text \<open>The expected penalized objective; the groups of the partition are the
  elements of D; the inner double sum runs over ordered pairs.\<close>
definition objective ::
  "'w measure \<Rightarrow> nat \<Rightarrow> (nat \<Rightarrow> 'w \<Rightarrow> real^'p) \<Rightarrow> (nat \<Rightarrow> 'w \<Rightarrow> real^'r::finite)
    \<Rightarrow> ('r \<Rightarrow> real^'p) \<Rightarrow> 'r set set \<Rightarrow> real \<Rightarrow> ('r \<Rightarrow> real^'p) \<Rightarrow> real" where
  "objective M n x eps Bstar D \<gamma> B = integral\<^sup>L M (\<lambda>\<omega>.
      1 / (2 * real n) * (\<Sum>i<n. \<Sum>c\<in>UNIV. (resp x eps Bstar i \<omega> c - x i \<omega> \<bullet> B c)\<^sup>2)
    + \<gamma> / (2 * real n) * (\<Sum>q\<in>D. 1 / real (card q) *
          (\<Sum>l\<in>q. \<Sum>m\<in>q. \<Sum>i<n. (x i \<omega> \<bullet> (B l - B m))\<^sup>2)))"

text \<open>Independence of two random variables with values in possibly different
  measurable spaces (the library's indep_var requires a common type): the
  sigma-algebras they generate are independent (cf. prob_space.indep_var_eq).\<close>
definition indep_rv :: "'w measure \<Rightarrow> 'a measure \<Rightarrow> ('w \<Rightarrow> 'a) \<Rightarrow> 'b measure \<Rightarrow> ('w \<Rightarrow> 'b) \<Rightarrow> bool" where
  "indep_rv M S X T Y \<longleftrightarrow>
     X \<in> measurable M S \<and> Y \<in> measurable M T \<and>
     prob_space.indep_set M
       (sigma_sets (space M) {X -` A \<inter> space M | A. A \<in> sets S})
       (sigma_sets (space M) {Y -` A \<inter> space M | A. A \<in> sets T})"

end

theory Submission
  imports Defs
begin

text \<open>The expected objective is a quadratic function of \<open>B\<close>. Write \<open>B = B0 + H\<close>, where
  \<open>B0\<close> is the claimed minimiser. The term linear in \<open>H\<close> splits into a noise part, whose
  expectation vanishes because the errors are centred and independent of the covariates, and a
  deterministic part, which vanishes because \<open>B0\<close> satisfies the first-order condition of the
  penalised least-squares problem blockwise. What remains is at least
  \<open>objective B0 + \<Sum>c. H c\<^sup>T E[X\<^sup>T X / n] H c / 2\<close>, so positive definiteness of the Gram matrix
  forces \<open>H = 0\<close>.\<close>

lemma sum_partition_on:
  assumes "partition_on A D" and "finite A"
  shows "sum f A = (\<Sum>q\<in>D. sum f q)"
proof -
  have "finite D" using assms finite_UnionD partition_onD1 by metis
  have "sum f (\<Union>D) = sum (sum f) D"
    using assms \<open>finite D\<close>
    by (intro sum.Union_disjoint[simplified]) (auto simp: partition_on_def disjoint_def
        intro: finite_subset)
  then show ?thesis using partition_onD1[OF assms(1)] by simp
qed

lemma partition_on_the_block:
  assumes "partition_on A D" "q \<in> D" "l \<in> q"
  shows "(THE q. q \<in> D \<and> l \<in> q) = q"
  using assms partition_onD2[OF assms(1)]
  by (intro the_equality) (auto simp: disjoint_def)

text \<open>Within a block \<open>q\<close> this is \<open>(B l + 2\<gamma> \<cdot> mean\<^sub>q B) / (1 + 2\<gamma>)\<close>: each column is pulled towards
  the mean of its block.\<close>

definition group_shrink :: "'r set set \<Rightarrow> real \<Rightarrow> ('r \<Rightarrow> 'a::real_vector) \<Rightarrow> 'r \<Rightarrow> 'a" where
  "group_shrink D \<gamma> B l = (let q = THE q. q \<in> D \<and> l \<in> q in
     B l + (2 * \<gamma> / ((1 + 2 * \<gamma>) * real (card q))) *\<^sub>R (\<Sum>c\<in>q - {l}. B c - B l))"

lemma group_shrink_eq:
  assumes "partition_on A D" "q \<in> D" "l \<in> q"
  shows "group_shrink D \<gamma> B l
    = B l + (2 * \<gamma> / ((1 + 2 * \<gamma>) * real (card q))) *\<^sub>R (\<Sum>c\<in>q - {l}. B c - B l)"
  using partition_on_the_block[OF assms] by (simp add: group_shrink_def)

text \<open>The first-order optimality condition of the penalised problem, satisfied blockwise.\<close>

lemma group_shrink_residual:
  fixes B :: "'r \<Rightarrow> 'a::real_vector"
  assumes part: "partition_on A D" and q: "q \<in> D" "finite q" and l: "l \<in> q" and "\<gamma> \<ge> 0"
  shows "B l - group_shrink D \<gamma> B l
    = (2 * \<gamma> / real (card q)) *\<^sub>R (\<Sum>m\<in>q. group_shrink D \<gamma> B l - group_shrink D \<gamma> B m)"
proof -
  define k where "k = real (card q)"
  define a where "a = 2 * \<gamma> / ((1 + 2 * \<gamma>) * k)"
  define S where "S = (\<Sum>m\<in>q. B m)"
  have "k > 0"
    using q partition_onD3[OF part] by (auto simp: k_def card_gt_0_iff)
  have shrink: "group_shrink D \<gamma> B m = B m + a *\<^sub>R (S - k *\<^sub>R B m)" if "m \<in> q" for m
  proof -
    have "(\<Sum>c\<in>q. B c - B m) = (\<Sum>c\<in>q - {m}. B c - B m)"
      using that q by (simp add: sum.remove)
    then have "(\<Sum>c\<in>q - {m}. B c - B m) = S - k *\<^sub>R B m"
      by (simp add: sum_subtractf sum_constant_scaleR S_def k_def)
    then show ?thesis by (simp add: group_shrink_eq[OF part q(1) that] a_def k_def)
  qed
  have "(\<Sum>m\<in>q. S - k *\<^sub>R B m) = 0"
    by (simp add: sum_subtractf sum_constant_scaleR scaleR_sum_right[symmetric] S_def k_def)
  then have "(\<Sum>m\<in>q. group_shrink D \<gamma> B m) = S"
    by (simp add: shrink sum.distrib scaleR_sum_right[symmetric] S_def)
  then have "(\<Sum>m\<in>q. group_shrink D \<gamma> B l - group_shrink D \<gamma> B m)
      = k *\<^sub>R group_shrink D \<gamma> B l - S"
    by (simp add: sum_subtractf sum_constant_scaleR k_def)
  also have "\<dots> = (a * k - 1) *\<^sub>R (S - k *\<^sub>R B l)"
    by (simp add: shrink[OF l] algebra_simps)
  finally have "(\<Sum>m\<in>q. group_shrink D \<gamma> B l - group_shrink D \<gamma> B m)
      = (a * k - 1) *\<^sub>R (S - k *\<^sub>R B l)" .
  moreover have "2 * \<gamma> / k * (a * k - 1) = - a"
  proof -
    have "k \<noteq> 0" "1 + 2 * \<gamma> \<noteq> 0" using \<open>k > 0\<close> \<open>\<gamma> \<ge> 0\<close> by auto
    then show ?thesis by (simp add: a_def divide_simps)
  qed
  ultimately show ?thesis
    by (simp add: shrink[OF l] k_def[symmetric])
qed

lemma sum_sum_antisym_mult_diff:
  fixes a :: "'r \<Rightarrow> 'r \<Rightarrow> real"
  assumes "\<And>l m. a l m = - a m l"
  shows "(\<Sum>l\<in>q. \<Sum>m\<in>q. a l m * (w l - w m)) = 2 * (\<Sum>l\<in>q. \<Sum>m\<in>q. a l m * w l)"
proof -
  have "(\<Sum>l\<in>q. \<Sum>m\<in>q. a l m * w m) = (\<Sum>l\<in>q. \<Sum>m\<in>q. a m l * w l)"
    by (rule sum.swap)
  also have "\<dots> = - (\<Sum>l\<in>q. \<Sum>m\<in>q. a l m * w l)"
  proof -
    have "a m l * w l = - (a l m * w l)" for l m using assms[of m l] by simp
    then show ?thesis by (simp add: sum_negf[symmetric])
  qed
  finally show ?thesis by (simp add: right_diff_distrib sum_subtractf)
qed

definition pair_penalty :: "'a::real_inner \<Rightarrow> 'r set set \<Rightarrow> ('r \<Rightarrow> 'a) \<Rightarrow> real" where
  "pair_penalty v D B = (\<Sum>q\<in>D. 1 / real (card q) * (\<Sum>l\<in>q. \<Sum>m\<in>q. (v \<bullet> (B l - B m))\<^sup>2))"

lemma pair_penalty_nonneg: "0 \<le> pair_penalty v D B"
  unfolding pair_penalty_def by (intro sum_nonneg mult_nonneg_nonneg) auto

definition sample_loss ::
    "'a::real_inner \<Rightarrow> ('r::finite \<Rightarrow> real) \<Rightarrow> 'r set set \<Rightarrow> real \<Rightarrow> ('r \<Rightarrow> 'a) \<Rightarrow> real" where
  "sample_loss v y D \<gamma> B = (\<Sum>c\<in>UNIV. (y c - v \<bullet> B c)\<^sup>2) + \<gamma> * pair_penalty v D B"

lemma group_shrink_residual_orthogonal:
  fixes B H :: "'r::finite \<Rightarrow> 'a::real_inner"
  assumes part: "partition_on UNIV D" and "\<gamma> \<ge> 0"
  defines "B0 \<equiv> group_shrink D \<gamma> B"
  shows "(\<Sum>c\<in>UNIV. (v \<bullet> (B c - B0 c)) * (v \<bullet> H c))
    = \<gamma> * (\<Sum>q\<in>D. 1 / real (card q) *
        (\<Sum>l\<in>q. \<Sum>m\<in>q. (v \<bullet> (B0 l - B0 m)) * (v \<bullet> (H l - H m))))"
proof -
  define a where "a l m = v \<bullet> (B0 l - B0 m)" for l m
  have anti: "a l m = - a m l" for l m by (simp add: a_def inner_diff_right)
  have "(\<Sum>c\<in>q. (v \<bullet> (B c - B0 c)) * (v \<bullet> H c))
      = \<gamma> * (1 / real (card q) * (\<Sum>l\<in>q. \<Sum>m\<in>q. a l m * (v \<bullet> H l - v \<bullet> H m)))"
    if q: "q \<in> D" for q
  proof -
    have "(\<Sum>c\<in>q. (v \<bullet> (B c - B0 c)) * (v \<bullet> H c))
        = (2 * \<gamma> / real (card q)) * (\<Sum>l\<in>q. \<Sum>m\<in>q. a l m * (v \<bullet> H l))"
      using group_shrink_residual[OF part q finite _ \<open>\<gamma> \<ge> 0\<close>, of _ B]
      by (simp add: B0_def a_def inner_sum_right sum_distrib_left sum_distrib_right mult.assoc)
    then show ?thesis by (simp add: sum_sum_antisym_mult_diff[OF anti])
  qed
  then show ?thesis
    by (simp add: sum_partition_on[OF part] sum_distrib_left a_def inner_diff_right)
qed

lemma sample_loss_group_shrink_add:
  fixes B H :: "'r::finite \<Rightarrow> 'a::real_inner" and v :: 'a and e :: "'r \<Rightarrow> real"
  assumes part: "partition_on UNIV D" and "\<gamma> \<ge> 0"
  defines "B0 \<equiv> group_shrink D \<gamma> B" and "y \<equiv> \<lambda>c. v \<bullet> B c + e c"
  shows "sample_loss v y D \<gamma> (\<lambda>c. B0 c + H c) = sample_loss v y D \<gamma> B0
     - 2 * (\<Sum>c\<in>UNIV. e c * (v \<bullet> H c)) + ((\<Sum>c\<in>UNIV. (v \<bullet> H c)\<^sup>2) + \<gamma> * pair_penalty v D H)"
proof -
  have fit_term: "(y c - v \<bullet> (B0 c + H c))\<^sup>2 = (y c - v \<bullet> B0 c)\<^sup>2
     - 2 * ((v \<bullet> (B c - B0 c)) * (v \<bullet> H c)) - 2 * (e c * (v \<bullet> H c)) + (v \<bullet> H c)\<^sup>2" for c
    by (simp add: y_def inner_add_right inner_diff_right power2_eq_square algebra_simps)
  have fit: "(\<Sum>c\<in>UNIV. (y c - v \<bullet> (B0 c + H c))\<^sup>2) = (\<Sum>c\<in>UNIV. (y c - v \<bullet> B0 c)\<^sup>2)
     - 2 * (\<Sum>c\<in>UNIV. (v \<bullet> (B c - B0 c)) * (v \<bullet> H c))
     - 2 * (\<Sum>c\<in>UNIV. e c * (v \<bullet> H c)) + (\<Sum>c\<in>UNIV. (v \<bullet> H c)\<^sup>2)"
    unfolding fit_term by (simp only: sum.distrib sum_subtractf sum_distrib_left)
  have penalty_term: "(v \<bullet> ((B0 l + H l) - (B0 m + H m)))\<^sup>2 = (v \<bullet> (B0 l - B0 m))\<^sup>2
     + 2 * ((v \<bullet> (B0 l - B0 m)) * (v \<bullet> (H l - H m))) + (v \<bullet> (H l - H m))\<^sup>2" for l m
    by (simp add: inner_add_right inner_diff_right power2_eq_square algebra_simps)
  have penalty: "pair_penalty v D (\<lambda>c. B0 c + H c) = pair_penalty v D B0
     + 2 * (\<Sum>q\<in>D. 1 / real (card q) *
        (\<Sum>l\<in>q. \<Sum>m\<in>q. (v \<bullet> (B0 l - B0 m)) * (v \<bullet> (H l - H m))))
     + pair_penalty v D H"
    unfolding pair_penalty_def penalty_term
    by (simp only: sum.distrib distrib_left sum_distrib_left mult.left_commute[of 2])
  have orth: "(\<Sum>c\<in>UNIV. (v \<bullet> (B c - B0 c)) * (v \<bullet> H c))
    = \<gamma> * (\<Sum>q\<in>D. 1 / real (card q) *
        (\<Sum>l\<in>q. \<Sum>m\<in>q. (v \<bullet> (B0 l - B0 m)) * (v \<bullet> (H l - H m))))"
    unfolding B0_def by (rule group_shrink_residual_orthogonal[OF part \<open>\<gamma> \<ge> 0\<close>])
  show ?thesis
    unfolding sample_loss_def fit penalty orth by (simp add: algebra_simps)
qed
▬▬▬
The output must consist solely of the lines from the first line of the records through the line containing "T Y \<longleftrightarrow>", reproduced exactly.

**Output for this exercise:**
text \<open>The expected penalized objective; the groups of the partition are the
  elements of D; the inner double sum runs over ordered pairs.\<close>
definition objective ::
  "'w measure \<Rightarrow> nat \<Rightarrow> (nat \<Rightarrow> 'w \<Rightarrow> real^'p) \<Rightarrow> (nat \<Rightarrow> 'w \<Rightarrow> real^'r::finite)
    \<Rightarrow> ('r \<Rightarrow> real^'p) \<Rightarrow> 'r set set \<Rightarrow> real \<Rightarrow> ('r \<Rightarrow> real^'p) \<Rightarrow> real" where
  "objective M n x eps Bstar D \<gamma> B = integral\<^sup>L M (\<lambda>\<omega>.
      1 / (2 * real n) * (\<Sum>i<n. \<Sum>c\<in>UNIV. (resp x eps Bstar i \<omega> c - x i \<omega> \<bullet> B c)\<^sup>2)
    + \<gamma> / (2 * real n) * (\<Sum>q\<in>D. 1 / real (card q) *
          (\<Sum>l\<in>q. \<Sum>m\<in>q. \<Sum>i<n. (x i \<omega> \<bullet> (B l - B m))\<^sup>2)))"

text \<open>Independence of two random variables with values in possibly different
  measurable spaces (the library's indep_var requires a common type): the
  sigma-algebras they generate are independent (cf. prob_space.indep_var_eq).\<close>
definition indep_rv :: "'w measure \<Rightarrow> 'a measure \<Rightarrow> ('w \<Rightarrow> 'a) \<Rightarrow> 'b measure \<Rightarrow> ('w \<Rightarrow> 'b) \<Rightarrow> bool" where
  "indep_rv M S X T Y \<longleftrightarrow>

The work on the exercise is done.